PADANG LAWAS, Sumutpos.jawapos.com-Setelah bertahun-tahun bergulat dengan harga yang tak kunjung bersahabat, petani karet di Kecamatan Sosopan, Kabupaten Padang Lawas (Palas), Sumatera Utara, akhirnya mendapat angin segar. Harga getah karet di tingkat petani kini menembus Rp19.000 per kilogram.

Kenaikan harga tersebut menjadi kabar baik bagi petani yang selama hampir satu dekade harus menghadapi ketidakpastian pendapatan dari komoditas andalan mereka. Berdasarkan pantauan di lapangan, tren positif tersebut telah bertahan dalam dua bulan terakhir.

Baca Juga: Humas PN Binjai Jelaskan Lomba HUT RI dan HUT MA, Digelar Setelah Persidangan

Meski demikian, harga yang diterima petani tidak seragam. Kualitas getah dan pola penyadapan menjadi faktor yang turut menentukan nilai jual di tingkat petani.

Pola Sadap Menentukan Harga

Salah seorang petani karet di Kecamatan Sosopan, H. Idaham Butar-butar, menjelaskan, getah hasil penyadapan yang dilakukan dua hari sekali umumnya dihargai sekitar Rp14.000 hingga Rp15.000 per kilogram.

Sementara itu, getah dari pola penyadapan dengan masa pengumpulan hingga dua minggu dapat mencapai Rp19.000 per kilogram.

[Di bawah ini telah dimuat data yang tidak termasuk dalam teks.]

lemma corona_E_cases:
  assumes "{y, z} \<in> E"
  obtains (cycle) b where "b < m" "{y, z} = {Inl b, Inl (Suc b mod m)}"
    | (copy) e x x' where "{y, z} = {Inr (e, x), Inr (e, x')}"
    | (spoke) b x w where "b < m" "x \<in> cycle_edge m b" "{y, z} = {Inl x, Inr (cycle_edge m b, w)}"
proof -
  have "{y, z} \<in> {{Inl u, Inl v} | u v. {u, v} \<in> cycle_E m}
      \<or> {y, z} \<in> {{Inr (e, x), Inr (e, x')} | e x x'. e \<in> cycle_E m \<and> {x, x'} \<in> EH}
      \<or> {y, z} \<in> {{Inl x, Inr (e, w)} | x e w. e \<in> cycle_E m \<and> x \<in> e \<and> w \<in> VH}"
    using assms unfolding corona_E_def by (simp only: Un_iff disj_assoc)
  then consider (cyc) u v where "{y, z} = {Inl u, Inl v}" "{u, v} \<in> cycle_E m"
    | (cp) e x x' where "{y, z} = {Inr (e, x), Inr (e, x')}"
    | (sp) x e w where "{y, z} = {Inl x, Inr (e, w)}" "e \<in> cycle_E m" "x \<in> e"
  proof (elim disjE)
    assume "{y, z} \<in> {{Inl u, Inl v} | u v. {u, v} \<in> cycle_E m}"
    then show thesis using that(1) by blast
  next
    assume "{y, z} \<in> {{Inr (e, x), Inr (e, x')} | e x x'. e \<in> cycle_E m \<and> {x, x'} \<in> EH}"
    then show thesis using that(2) by blast
  next
    assume "{y, z} \<in> {{Inl x, Inr (e, w)} | x e w. e \<in> cycle_E m \<and> x \<in> e \<and> w \<in> VH}"
    then show thesis using that(3) by blast
  qed
  then show thesis
  proof cases
    case cyc
    then obtain b where b: "b < m" "{u, v} = cycle_edge m b" by (auto simp: cycle_E_eq)
    have "{y, z} = Inl ` {u, v}" using cyc(1) by simp
    also have "\<dots> = {Inl b, Inl (Suc b mod m)}" using b(2) by (simp add: cycle_edge_def)
    finally show thesis by (rule cycle[OF b(1)])
  next
    case cp
    then show thesis by (rule copy)
  next
    case sp
    then obtain b where "b < m" "e = cycle_edge m b" by (auto simp: cycle_E_eq)
    then show thesis using sp spoke by blast
  qed
qed

end

section \<open>Rainbow colourings along short arcs\<close>

definition cycle_mod_colouring :: "nat \<Rightarrow> nat + 'a \<Rightarrow> nat" where
  "cycle_mod_colouring K y = (case y of Inl i \<Rightarrow> i mod K + 1 | Inr _ \<Rightarrow> 1)"

context cycle_corona
begin

definition short_arc_joined :: "nat + nat set \<times> 'b \<Rightarrow> nat + nat set \<times> 'b \<Rightarrow> bool" where
  "short_arc_joined u v \<longleftrightarrow>
     (\<exists>p s L. is_path V E p \<and> hd p = u \<and> last p = v \<and>
        L \<le> m div 2 \<and> internal p \<subseteq> Inl ` set (cycle_arc m s L))"

lemma short_arc_joined_sym: "short_arc_joined u v \<Longrightarrow> short_arc_joined v u"
  unfolding short_arc_joined_def
  by (metis internal_rev is_path_rev hd_rev last_rev)

lemma short_arc_joined_refl: "u \<in> V \<Longrightarrow> short_arc_joined u u"
  unfolding short_arc_joined_def
  by (intro exI[of _ "[u]"] exI[of _ 0]) (auto simp: is_path_def internal_def)

lemma short_arc_joined_adjacent:
  "u \<in> V \<Longrightarrow> v \<in> V \<Longrightarrow> u \<noteq> v \<Longrightarrow> {u, v} \<in> E \<Longrightarrow> short_arc_joined u v"
  unfolding short_arc_joined_def
  by (intro exI[of _ "[u, v]"] exI[of _ 0]) (auto simp: is_path_def internal_def)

Menurut Idaham, getah dengan masa pengumpulan lebih lama cenderung memiliki kadar air lebih rendah sehingga kualitas dan kerapatannya lebih baik.

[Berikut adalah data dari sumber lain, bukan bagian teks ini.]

text \<open>Geometric realization of the order complex of Hom(K_2,G): points are
  barycentric coordinate functions on the poset elements, nonnegative, summing to 1,
  whose support is a chain; topologised as a subspace of the product space
  (the poset is finite, so this is the usual realization).\<close>
definition hom_realization :: "'v set \<Rightarrow> ('v \<Rightarrow> 'v \<Rightarrow> bool) \<Rightarrow> (('v set \<times> 'v set) \<Rightarrow> real) set" where
  "hom_realization V E = {x. (\<forall>p. x p \<ge> 0) \<and> (\<forall>p. p \<notin> hom_K2 V E \<longrightarrow> x p = 0)
      \<and> (\<Sum>p\<in>hom_K2 V E. x p) = 1
      \<and> (\<forall>p q. x p \<noteq> 0 \<longrightarrow> x q \<noteq> 0 \<longrightarrow> hom_le p q \<or> hom_le q p)}"

definition hom_realization_top :: "'v set \<Rightarrow> ('v \<Rightarrow> 'v \<Rightarrow> bool) \<Rightarrow> (('v set \<times> 'v set) \<Rightarrow> real) topology" where
  "hom_realization_top V E = subtopology (product_topology (\<lambda>_. euclideanreal) UNIV) (hom_realization V E)"

definition hom_swap :: "(('v set \<times> 'v set) \<Rightarrow> real) \<Rightarrow> (('v set \<times> 'v set) \<Rightarrow> real)" where
  "hom_swap x = (\<lambda>(A,B). x (B,A))"

text \<open>The sphere with n coordinates, i.e. S^(n-1) \<subseteq> R^n (n = 0 gives the empty sphere S^(-1)).\<close>
definition sphere_top :: "nat \<Rightarrow> (nat \<Rightarrow> real) topology" where
  "sphere_top n = subtopology (product_topology (\<lambda>_. euclideanreal) UNIV)
      {y. (\<Sum>i<n. (y i)\<^sup>2) = 1 \<and> (\<forall>i\<ge>n. y i = 0)}"

definition hom_equivariant_map :: "'v set \<Rightarrow> ('v \<Rightarrow> 'v \<Rightarrow> bool) \<Rightarrow> nat \<Rightarrow> bool" where
  "hom_equivariant_map V E n \<longleftrightarrow> (\<exists>f. continuous_map (hom_realization_top V E) (sphere_top n) f
      \<and> (\<forall>x\<in>hom_realization V E. f (hom_swap x) = (\<lambda>i. - f x i)))"

text \<open>Z_2-index of Hom(K_2,G): minimal d with an equivariant map to S^d
  (d = -1 only when the complex is empty).\<close>
definition hom_index :: "'v set \<Rightarrow> ('v \<Rightarrow> 'v \<Rightarrow> bool) \<Rightarrow> int" where
  "hom_index V E = int (LEAST n. hom_equivariant_map V E n) - 1"

end

theory Submission
  imports Defs "HOL-Computational_Algebra.Polynomial"
begin

text \<open>
  Suppose every vertex v sees at most k colours in some colouring c_I(v). A point x of the
  realization of Hom(K_2,G) puts a mass alpha(v) on each vertex occurring on the first side
  and beta(v) on each vertex occurring on the second side; the charge gamma = alpha - beta
  is odd under the involution. Hence the 2mk sums of gamma(v) c_i(v)^e over the vertices with
  I(v) = i, for i <= m and e < 2k, are the coordinates of an equivariant map to R^2mk, and
  they never vanish simultaneously. Indeed, pick a with alpha(a) > 0 and let i = I(a). Every
  charged vertex lies in the neighbourhood of a or of any b with beta(b) > 0; taking I(b) = i,
  the i-colours of the charged vertices with I = i take at most 2k values, so vanishing power
  sums of degree < 2k would give every colour class zero total charge. But the class of a has
  positive charge: beta lives on the neighbourhood of a, which a proper colouring keeps out of
  that class. (If no such b exists, the charge is nonnegative on I = i and its 0-th power sum
  is positive.) Normalising gives an equivariant map to S^(2mk-1), so ind(Hom(K_2,G)) < 2mk.
\<close>

lemma finite_hom_K2: "finite V \<Longrightarrow> finite (hom_K2 V E)"
  by (rule finite_subset[of _ "Pow V \<times> Pow V"]) (auto simp: hom_K2_def)

definition hom_fst_mass ::
    "'v set \<Rightarrow> ('v \<Rightarrow> 'v \<Rightarrow> bool) \<Rightarrow> (('v set \<times> 'v set) \<Rightarrow> real) \<Rightarrow> 'v \<Rightarrow> real" where
  "hom_fst_mass V E x v = (\<Sum>p\<in>{p\<in>hom_K2 V E. v \<in> fst p}. x p)"

definition hom_snd_mass ::
    "'v set \<Rightarrow> ('v \<Rightarrow> 'v \<Rightarrow> bool) \<Rightarrow> (('v set \<times> 'v set) \<Rightarrow> real) \<Rightarrow> 'v \<Rightarrow> real" where
  "hom_snd_mass V E x v = (\<Sum>p\<in>{p\<in>hom_K2 V E. v \<in> snd p}. x p)"

definition hom_charge ::
    "'v set \<Rightarrow> ('v \<Rightarrow> 'v \<Rightarrow> bool) \<Rightarrow> (('v set \<times> 'v set) \<Rightarrow> real) \<Rightarrow> 'v \<Rightarrow> real" where
  "hom_charge V E x v = hom_fst_mass V E x v - hom_snd_mass V E x v"

lemma hom_realization_nonneg: "x \<in> hom_realization V E \<Longrightarrow> x p \<ge> 0"
  by (cases p) (simp add: hom_realization_def)

lemma hom_fst_mass_nonneg: "x \<in> hom_realization V E \<Longrightarrow> hom_fst_mass V E x v \<ge> 0"
  unfolding hom_fst_mass_def by (intro sum_nonneg hom_realization_nonneg)

lemma hom_snd_mass_nonneg: "x \<in> hom_realization V E \<Longrightarrow> hom_snd_mass V E x v \<ge> 0"
  unfolding hom_snd_mass_def by (intro sum_nonneg hom_realization_nonneg)

lemma hom_fst_mass_swap:
  assumes "simple_graph V E"
  shows "hom_fst_mass V E (hom_swap x) v = hom_snd_mass V E x v"
proof -
  have swap_closed: "(B, A) \<in> hom_K2 V E" if "(A, B) \<in> hom_K2 V E" for A B
    using that assms by (auto simp: hom_K2_def simple_graph_def)
  show ?thesis
    unfolding hom_fst_mass_def hom_snd_mass_def hom_swap_def
    by (rule sum.reindex_bij_witness[of _ "\<lambda>(A, B). (B, A)" "\<lambda>(A, B). (B, A)"])
       (auto intro: swap_closed)
qed

lemma hom_charge_swap:
  assumes "simple_graph V E"
  shows "hom_charge V E (hom_swap x) v = - hom_charge V E x v"
proof -
  have "hom_swap (hom_swap x) = x" by (simp add: hom_swap_def case_prod_beta)
  then show ?thesis
    using hom_fst_mass_swap[OF assms, of x v] hom_fst_mass_swap[OF assms, of "hom_swap x" v]
    by (simp add: hom_charge_def)
qed

lemma hom_mass_adjacent:
  assumes "x \<in> hom_realization V E"
    and "hom_fst_mass V E x u > 0" and "hom_snd_mass V E x v > 0"
  shows "E u v"
proof -
  have chain: "hom_le p q \<or> hom_le q p" if "x p \<noteq> 0" "x q \<noteq> 0" for p q
    using assms(1) that unfolding hom_realization_def by blast
  obtain p where p: "p \<in> hom_K2 V E" "u \<in> fst p" "x p \<noteq> 0"
    using assms(2) sum.neutral[of "{p\<in>hom_K2 V E. u \<in> fst p}" x]
    unfolding hom_fst_mass_def by force
  obtain q where q: "q \<in> hom_K2 V E" "v \<in> snd q" "x q \<noteq> 0"
    using assms(3) sum.neutral[of "{p\<in>hom_K2 V E. v \<in> snd p}" x]
    unfolding hom_snd_mass_def by force
  from chain[OF p(3) q(3)] have "u \<in> fst q \<or> v \<in> snd p"
    using p(2) q(2) by (auto simp: hom_le_def)
  then show ?thesis
    using p q by (auto simp: hom_K2_def)
qed

lemma hom_masses_pos:
  assumes "simple_graph V E" and "x \<in> hom_realization V E"
  obtains a b where "a \<in> V" "hom_fst_mass V E x a > 0" "b \<in> V" "hom_snd_mass V E x b > 0"
proof -
  have fin: "finite (hom_K2 V E)"
    using assms(1) by (simp add: simple_graph_def finite_hom_K2)
  have "sum x (hom_K2 V E) = 1"
    using assms(2) unfolding hom_realization_def by blast
  then obtain p where p: "p \<in> hom_K2 V E" "x p \<noteq> 0"
    by (metis sum.neutral zero_neq_one)
  then have "x p > 0"
    using hom_realization_nonneg[OF assms(2), of p] by simp
  have "fst p \<noteq> {}" "snd p \<noteq> {}" "fst p \<subseteq> V" "snd p \<subseteq> V"
    using p(1) by (auto simp: hom_K2_def)
  then obtain a b where ab: "a \<in> fst p" "b \<in> snd p" "a \<in> V" "b \<in> V"
    by blast
  moreover have "x p \<le> hom_fst_mass V E x a" "x p \<le> hom_snd_mass V E x b"
    unfolding hom_fst_mass_def hom_snd_mass_def using p(1) ab fin
    by (auto intro!: member_le_sum hom_realization_nonneg[OF assms(2)])
  ultimately show ?thesis
    using that ab(3,4) \<open>x p > 0\<close> by fastforce
qed

lemma hom_charge_support:
  assumes "simple_graph V E" and "x \<in> hom_realization V E"
    and "hom_fst_mass V E x a > 0" and "hom_snd_mass V E x b > 0"
  shows "{v\<in>V. hom_charge V E x v \<noteq> 0} \<subseteq> nbhd V E a \<union> nbhd V E b"
proof
  fix v assume v: "v \<in> {v\<in>V. hom_charge V E x v \<noteq> 0}"
  then have "hom_fst_mass V E x v > 0 \<or> hom_snd_mass V E x v > 0"
    using hom_fst_mass_nonneg[OF assms(2), of v] hom_snd_mass_nonneg[OF assms(2), of v]
    by (auto simp: hom_charge_def)
  then have "E b v \<or> E a v"
    using hom_mass_adjacent[OF assms(2)] assms(1,3,4) by (auto simp: simple_graph_def)
  then show "v \<in> nbhd V E a \<union> nbhd V E b"
    using v by (auto simp: nbhd_def)
qed

lemma hom_charge_colour_class_pos:
  assumes "x \<in> hom_realization V E" and "proper_coloring V E f"
    and "finite X" "X \<subseteq> V" "a \<in> X" and "hom_fst_mass V E x a > 0"
  shows "(\<Sum>v\<in>{v\<in>X. f v = f a}. hom_charge V E x v) > 0"
proof -
  have charge_eq: "hom_charge V E x v = hom_fst_mass V E x v" if "v \<in> X" "f v = f a" for v
  proof -
    have "\<not> E a v"
      using assms(2,4,5) that unfolding proper_coloring_def by (metis subsetD)
    then have "\<not> hom_snd_mass V E x v > 0"
      using hom_mass_adjacent[OF assms(1,6)] by blast
    then show ?thesis
      using hom_snd_mass_nonneg[OF assms(1)] by (simp add: hom_charge_def order.antisym)
  qed
  have "hom_fst_mass V E x a \<le> (\<Sum>v\<in>{v\<in>X. f v = f a}. hom_fst_mass V E x v)"
    using assms(3,5) by (intro member_le_sum hom_fst_mass_nonneg[OF assms(1)]) auto
  also have "\<dots> = (\<Sum>v\<in>{v\<in>X. f v = f a}. hom_charge V E x v)"
    by (rule sum.cong) (auto simp: charge_eq)
  finally show ?thesis
    using assms(6) by linarith
qed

“Untuk hasil sadapan dua hari berada di angka Rp14–15 ribu per kilo. Kalau sadapan dua minggu bisa sampai Rp19 ribu per kilo, tapi tetap kembali lagi pada kualitas getah hasil sadapan masing-masing petani,” ujar Idaham saat ditemui di sela aktivitas menyadap karet di perkebunannya, Kamis (13/8/2026).

Baca Juga: Korupsi Dana Desa Demi Selingkuhan, Eks Kades di Langkat Divonis 2,5 Tahun Penjara

Kondisi tersebut membuat petani semakin terdorong menjaga kualitas hasil sadapan. Sebab, perbedaan kualitas secara langsung berpengaruh terhadap harga yang diterima.

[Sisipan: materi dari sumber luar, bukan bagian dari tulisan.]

lemma beta_F_eq_inner_form_coeffs: "beta_F x \<xi> = form_coeffs beta_F x \<bullet> \<xi>"
  by (simp add: form_coeffs_beta_F beta_F_def power2_norm_eq_inner)

lemma one_form_on_beta_F: "one_form_on (ball 0 klein_r) beta_F"
  unfolding one_form_on_def
proof (intro conjI ballI allI)
  fix i :: 2
  have "rational_on (ball 0 klein_r)
      (\<lambda>x. (1 - klein_r\<^sup>2) * x $ i * inverse (klein_r\<^sup>2 - x \<bullet> x) * inverse (1 - x \<bullet> x))"
    using klein_disc_denominators_pos
    by (intro rational_on_mult rational_on_diff rational_on_inverse rational_on_const
        rational_on_coord rational_on_inner_self) force+
  then show "smooth_on (ball 0 klein_r) (\<lambda>x. form_coeffs beta_F x $ i)"
    by (rule rational_on_smooth_on[OF open_ball]) (simp add: form_coeffs_beta_F divide_inverse)
qed (rule beta_F_eq_inner_form_coeffs)

lemma closed_form_on_beta_F: "closed_form_on (ball 0 klein_r) beta_F"
proof (rule closed_form_on_radial[OF form_coeffs_beta_F])
  fix x :: "real^2" assume "x \<in> ball 0 klein_r"
  then have "klein_r\<^sup>2 - x \<bullet> x \<noteq> 0" "1 - x \<bullet> x \<noteq> 0" using klein_disc_denominators_pos[of x] by auto
  then show "(\<lambda>t. (1 - klein_r\<^sup>2) / ((klein_r\<^sup>2 - t) * (1 - t))) differentiable (at (x \<bullet> x))"
    unfolding real_differentiable_def by (auto intro!: derivative_eq_intros)
qed

lemma DERIV_half_ln_quotient:
  fixes t R :: real
  assumes "t < R" "t < 1"
  shows "((\<lambda>s. ln ((1 - s) / (R - s)) / 2) has_real_derivative (1 - R) / ((R - t) * (1 - t)) / 2) (at t)"
proof -
  have "R - t \<noteq> 0" "1 - t \<noteq> 0" using assms by simp_all
  then show ?thesis using assms
    by (auto intro!: derivative_eq_intros simp: divide_simps) (simp add: algebra_simps)
qed

lemma f_pot_has_derivative:
  assumes "x \<in> ball 0 klein_r"
  shows "(f_pot has_derivative beta_F x) (at x)"
proof -
  define K where "K = (1 - klein_r\<^sup>2) / ((klein_r\<^sup>2 - x \<bullet> x) * (1 - x \<bullet> x))"
  have "x \<bullet> x < klein_r\<^sup>2" "x \<bullet> x < 1" using klein_disc_denominators_pos[OF assms] by simp_all
  from has_derivative_radial[OF DERIV_half_ln_quotient[OF this, folded K_def]]
  have "((\<lambda>y. ln ((1 - y \<bullet> y) / (klein_r\<^sup>2 - y \<bullet> y)) / 2) has_derivative (\<lambda>h. (x \<bullet> h) * K)) (at x)"
    by simp
  moreover have "f_pot = (\<lambda>y. ln ((1 - y \<bullet> y) / (klein_r\<^sup>2 - y \<bullet> y)) / 2)"
    by (simp add: fun_eq_iff f_pot_def power2_norm_eq_inner)
  moreover have "(\<lambda>h. (x \<bullet> h) * K) = beta_F x"
    by (simp add: fun_eq_iff K_def beta_F_def power2_norm_eq_inner)
  ultimately show ?thesis by simp
qed

lemma form_norm_sq_alpha_F_beta_F:
  assumes "x \<in> ball 0 klein_r"
  shows "form_norm_sq alpha_F beta_F x
      = (x \<bullet> x) * (1 - klein_r\<^sup>2)\<^sup>2 / (klein_r\<^sup>2 * (1 - x \<bullet> x)\<^sup>2)"
proof -
  define m c k where "m = x \<bullet> x" and "c = klein_r\<^sup>2 - x \<bullet> x"
    and "k = (1 - klein_r\<^sup>2) / ((klein_r\<^sup>2 - x \<bullet> x) * (1 - x \<bullet> x))"
  have "c > 0" "1 - m > 0" unfolding c_def m_def using klein_disc_denominators_pos[OF assms] by simp_all
  have "klein_r\<^sup>2 > 0" "klein_r\<^sup>2 = c + m" using klein_r_pos unfolding c_def m_def by simp_all
  \<comment> \<open>\<open>x\<close> is an eigenvector of \<open>alpha_F_matrix x\<close> with eigenvalue \<open>klein_r\<^sup>2 / c\<^sup>2\<close>\<close>
  have "1 / c + m / c\<^sup>2 = klein_r\<^sup>2 / c\<^sup>2"
    unfolding \<open>klein_r\<^sup>2 = c + m\<close> using \<open>c > 0\<close> by (simp add: field_simps power2_eq_square)
  then have "alpha_F_matrix x *v x = (klein_r\<^sup>2 / c\<^sup>2) *\<^sub>R x"
    unfolding alpha_F_matrix_mult_vec c_def[symmetric]
    unfolding m_def[symmetric] scaleR_add_left[symmetric] by (simp only:)
  with \<open>c > 0\<close> \<open>klein_r\<^sup>2 > 0\<close> have eigen: "alpha_F_matrix x *v ((c\<^sup>2 / klein_r\<^sup>2) *\<^sub>R (k *\<^sub>R x)) = k *\<^sub>R x"
    by (simp add: matrix_vector_mult_scaleR)
  have "matrix_inv (alpha_F_matrix x) *v (k *\<^sub>R x) = (c\<^sup>2 / klein_r\<^sup>2) *\<^sub>R (k *\<^sub>R x)"
    using alpha_F_matrix_pos_def[OF assms] eigen by (rule matrix_inv_mult_vec_eq)
  then have "form_norm_sq alpha_F beta_F x = k\<^sup>2 * c\<^sup>2 / klein_r\<^sup>2 * m"
    unfolding form_norm_sq_def metric_coeffs_alpha_F[OF assms] form_coeffs_beta_F k_def[symmetric]
    by (simp add: m_def power2_eq_square)
  also have "\<dots> = m * (1 - klein_r\<^sup>2)\<^sup>2 / (klein_r\<^sup>2 * (1 - m)\<^sup>2)"
  proof -
    have "(q' / (c * u))\<^sup>2 * c\<^sup>2 / q * m = m * q'\<^sup>2 / (q * u\<^sup>2)" if "c \<noteq> 0" "u \<noteq> 0" for q' u q :: real
      using that by (simp add: field_simps power2_eq_square)
    from this[of "1 - m" "1 - klein_r\<^sup>2" "klein_r\<^sup>2"] \<open>c > 0\<close> \<open>1 - m > 0\<close>
    show ?thesis unfolding k_def c_def[symmetric] unfolding m_def[symmetric] by simp
  qed
  finally show ?thesis unfolding m_def .
qed

text \<open>The bound is \<open>r\<^sup>2 (1 - m)\<^sup>2 - m (1 - r\<^sup>2)\<^sup>2 = (r\<^sup>2 - m) (1 - r\<^sup>2 m) > 0\<close> with \<open>m = |x|\<^sup>2\<close>.\<close>
lemma form_norm_sq_alpha_F_beta_F_less_one:
  assumes "x \<in> ball 0 klein_r"
  shows "form_norm_sq alpha_F beta_F x < 1"
proof -
  define m r where "m = x \<bullet> x" and "r = klein_r"
  have "r\<^sup>2 - m > 0" "1 - m > 0" "r\<^sup>2 < 1" "r > 0"
    unfolding m_def r_def using klein_disc_denominators_pos[OF assms] klein_r_sq_less_one klein_r_pos by simp_all
  then have "r\<^sup>2 * m < r\<^sup>2 * 1" by (intro mult_strict_left_mono) simp_all
  with \<open>r\<^sup>2 < 1\<close> have "(r\<^sup>2 - m) * (1 - r\<^sup>2 * m) > 0" using \<open>r\<^sup>2 - m > 0\<close> by simp
  moreover have "r\<^sup>2 * (1 - m)\<^sup>2 - m * (1 - r\<^sup>2)\<^sup>2 = (r\<^sup>2 - m) * (1 - r\<^sup>2 * m)"
    by (simp add: algebra_simps power2_eq_square)
  ultimately have "m * (1 - r\<^sup>2)\<^sup>2 < r\<^sup>2 * (1 - m)\<^sup>2" by simp
  moreover have "r\<^sup>2 * (1 - m)\<^sup>2 > 0" using \<open>r > 0\<close> \<open>1 - m > 0\<close> by simp
  ultimately show ?thesis
    unfolding form_norm_sq_alpha_F_beta_F[OF assms] m_def[symmetric] r_def[symmetric]
    by (simp add: divide_less_eq)
qed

Setelah Satu Dekade Menunggu

Kenaikan harga bukan hanya soal bertambahnya angka di timbangan. Bagi petani, harga yang lebih baik berarti adanya ruang untuk kembali menghidupkan kebun yang selama ini tertekan tingginya biaya produksi dan perawatan.

Idaham mengatakan, selama hampir sepuluh tahun terakhir, harga getah karet di Sosopan cenderung tidak menguntungkan petani. Pendapatan dari hasil kebun kerap sulit mengimbangi kebutuhan rumah tangga maupun biaya operasional.

“Hampir 10 tahun belakangan ini harga getah karet di Sosopan kurang bersahabat, baru tahun inilah mulai terasa normal kembali. Kami berharap harga ini tidak hanya bertahan, tetapi bisa terus naik,” katanya.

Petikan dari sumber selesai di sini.